# Required work
Your answer consists of the lines in the data that contain "generator". Copy each of them.

*** Opening Data listing ***

text \<open>The free Boolean algebra on a generator set X, realised concretely (Stone
  representation) as the algebra of subsets of the Cantor cube (all maps 'x \<Rightarrow> bool)
  generated by the generator sets {f. f x}, x \<in> X. Order is set inclusion.\<close>

inductive_set free_ba :: "'x set \<Rightarrow> ('x \<Rightarrow> bool) set set" for X :: "'x set" where
  gen: "x \<in> X \<Longrightarrow> {f. f x} \<in> free_ba X"
| top: "UNIV \<in> free_ba X"
| compl: "A \<in> free_ba X \<Longrightarrow> - A \<in> free_ba X"
| inter: "A \<in> free_ba X \<Longrightarrow> B \<in> free_ba X \<Longrightarrow> A \<inter> B \<in> free_ba X"

definition bsubalgebra :: "'a set set \<Rightarrow> 'a set set \<Rightarrow> bool" where
  "bsubalgebra S B \<longleftrightarrow> S \<subseteq> B \<and> UNIV \<in> S \<and> (\<forall>a\<in>S. - a \<in> S)
     \<and> (\<forall>a\<in>S. \<forall>b\<in>S. a \<inter> b \<in> S)"

text \<open>kappa-Freese-Nation property, kappa given as the cardinality of the set K.\<close>
definition kappa_FN :: "'k set \<Rightarrow> 'a set set \<Rightarrow> bool" where
  "kappa_FN K B \<longleftrightarrow> (\<exists>f :: 'a set \<Rightarrow> 'a set set.
      (\<forall>a\<in>B. f a \<subseteq> B \<and> (card_of (f a), card_of K) \<in> ordLess) \<and>
      (\<forall>a\<in>B. \<forall>b\<in>B. a \<subseteq> b \<longrightarrow> (\<exists>c\<in>f a \<inter> f b. a \<subseteq> c \<and> c \<subseteq> b)))"

end

theory Submission
  imports Defs
begin

text \<open>Pick \<open>Z \<subseteq> X\<close> of size \<open>\<kappa>\<close>, a point \<open>w \<in> X - Z\<close>, and let \<open>Y = X - Z - {w}\<close>, which has
  size \<open>\<kappa>\<^sup>+\<close>. The subalgebra \<open>S\<close> generated by the elements \<open>a\<^sub>z = z \<and> w\<close> (\<open>z \<in> Z\<close>) and
  \<open>b\<^sub>y = w \<or> y\<close> (\<open>y \<in> Y\<close>) satisfies \<open>a\<^sub>z \<le> b\<^sub>y\<close> for all \<open>z, y\<close>, but every \<open>c \<in> S\<close> lies
  above only finitely many \<open>a\<^sub>z\<close> or below only finitely many \<open>b\<^sub>y\<close>, because \<open>c\<close> depends on
  finitely many coordinates. Given a \<open>\<kappa>\<close>-FN map \<open>f\<close>, the elements of the sets \<open>f(a\<^sub>z)\<close>
  lying below only finitely many \<open>b\<^sub>y\<close> can account for at most \<open>\<kappa>\<close> indices \<open>y\<close>, so some
  \<open>y\<close> escapes them. Then every interpolant \<open>c \<in> f(a\<^sub>z) \<inter> f(b\<^sub>y)\<close> between \<open>a\<^sub>z\<close> and \<open>b\<^sub>y\<close>
  lies above only finitely many \<open>a\<^sub>z\<close>, and fewer than \<open>\<kappa>\<close> such finite sets, all coming
  from \<open>f(b\<^sub>y)\<close>, would have to cover \<open>Z\<close>.\<close>

unbundle cardinal_syntax

lemma card_of_finite_ordLess_infinite:
  assumes "finite A" "infinite B"
  shows "|A| <o |B|"
  using finite_ordLess_infinite[of "|A|" "|B|"] assms
  by (simp add: Field_card_of card_of_Well_order card_of_well_order_on)

lemma card_of_UNION_finite_ordLeq_infinite:
  assumes "infinite K" "|I| \<le>o |K|" "\<forall>i\<in>I. finite (A i)"
  shows "|\<Union>i\<in>I. A i| \<le>o |K|"
  using assms card_of_finite_ordLess_infinite ordLess_imp_ordLeq
  by (intro card_of_UNION_ordLeq_infinite) blast+

lemma card_of_UNION_finite_ordLess_infinite:
  assumes "infinite K" "|I| <o |K|" "\<forall>i\<in>I. finite (A i)"
  shows "|\<Union>i\<in>I. A i| <o |K|"
proof (cases "finite I")
  case True
  then show ?thesis using assms by (intro card_of_finite_ordLess_infinite) auto
next
  case False
  have "|\<Union>i\<in>I. A i| \<le>o |I|"
    using card_of_UNION_finite_ordLeq_infinite[OF False _ assms(3)] ordLeq_refl card_of_Card_order
    by blast
  then show ?thesis using assms(2) ordLeq_ordLess_trans by blast
qed

lemma card_of_Diff_not_ordLeq_infinite:
  assumes "infinite K" "\<not> |A| \<le>o |K|" "|B| \<le>o |K|"
  shows "\<not> |A - B| \<le>o |K|"
proof
  assume "|A - B| \<le>o |K|"
  then have "|(A - B) \<union> B| \<le>o |K|"
    by (rule card_of_Un_ordLeq_infinite_Field[of "|K|", unfolded Field_card_of,
          OF assms(1) _ assms(3) card_of_card_order_on])
  then show False
    using assms(2) card_of_mono1[of A "(A - B) \<union> B"] ordLeq_transitive by blast
qed

lemma split_off_subset_of_smaller_card:
  assumes "infinite K" "|K| <o |X|"
  obtains Z w where "Z \<subseteq> X" "|Z| =o |K|" "w \<in> X" "w \<notin> Z" "\<not> |X - Z - {w}| \<le>o |K|"
proof -
  have "|K| \<le>o |X|"
    using assms(2) by (rule ordLess_imp_ordLeq)
  then obtain Z where Z: "Z \<subseteq> X" "|K| =o |Z|"
    using internalize_card_of_ordLeq2[of K X] by auto
  have X_large: "\<not> |X| \<le>o |K|"
    using assms(2) not_ordLess_ordLeq by blast
  have "|Z| \<le>o |K|"
    using Z(2) ordIso_iff_ordLeq by blast
  then have XZ_large: "\<not> |X - Z| \<le>o |K|"
    by (rule card_of_Diff_not_ordLeq_infinite[OF assms(1) X_large])
  then have "infinite (X - Z)"
    using card_of_finite_ordLess_infinite[OF _ assms(1)] ordLess_imp_ordLeq by blast
  then obtain w where w: "w \<in> X - Z"
    using infinite_imp_nonempty by blast
  have "|{w}| \<le>o |K|"
    using card_of_finite_ordLess_infinite[OF _ assms(1)] ordLess_imp_ordLeq by blast
  then have "\<not> |X - Z - {w}| \<le>o |K|"
    by (rule card_of_Diff_not_ordLeq_infinite[OF assms(1) XZ_large])
  then show thesis
    using that[OF Z(1) ordIso_symmetric[OF Z(2)]] w by blast
qed

inductive_set ba_generated :: "'a set set \<Rightarrow> 'a set set" for G :: "'a set set" where
  basic: "A \<in> G \<Longrightarrow> A \<in> ba_generated G"
| top: "UNIV \<in> ba_generated G"
| compl: "A \<in> ba_generated G \<Longrightarrow> - A \<in> ba_generated G"
| inter: "A \<in> ba_generated G \<Longrightarrow> B \<in> ba_generated G \<Longrightarrow> A \<inter> B \<in> ba_generated G"

lemma ba_generated_minimal:
  assumes "G \<subseteq> T" "UNIV \<in> T" "\<And>A. A \<in> T \<Longrightarrow> - A \<in> T"
    and "\<And>A B. A \<in> T \<Longrightarrow> B \<in> T \<Longrightarrow> A \<inter> B \<in> T"
  shows "ba_generated G \<subseteq> T"
proof
  fix A
  assume "A \<in> ba_generated G"
  then show "A \<in> T"
    by induction (use assms in auto)
qed

lemma bsubalgebra_ba_generated:
  assumes "G \<subseteq> free_ba X"
  shows "bsubalgebra (ba_generated G) (free_ba X)"
  using ba_generated_minimal[OF assms] unfolding bsubalgebra_def
  by (auto intro: free_ba.intros ba_generated.intros)

lemma ba_generated_mem_iff:
  assumes "\<forall>A\<in>G. p \<in> A \<longleftrightarrow> q \<in> A" "A \<in> ba_generated G"
  shows "p \<in> A \<longleftrightarrow> q \<in> A"
  using ba_generated_minimal[of G "{A. p \<in> A \<longleftrightarrow> q \<in> A}"] assms by auto

lemma free_ba_conj:
  assumes "x \<in> X" "y \<in> X"
  shows "{f. f x \<and> f y} \<in> free_ba X"
proof -
  have "{f. f x} \<inter> {f. f y} \<in> free_ba X"
    using assms by (intro free_ba.inter free_ba.gen)
  then show ?thesis by (simp add: Collect_conj_eq)
qed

*** Closing Data listing ***

# Task output
text \<open>The free Boolean algebra on a generator set X, realised concretely (Stone
  generated by the generator sets {f. f x}, x \<in> X. Order is set inclusion.\<close>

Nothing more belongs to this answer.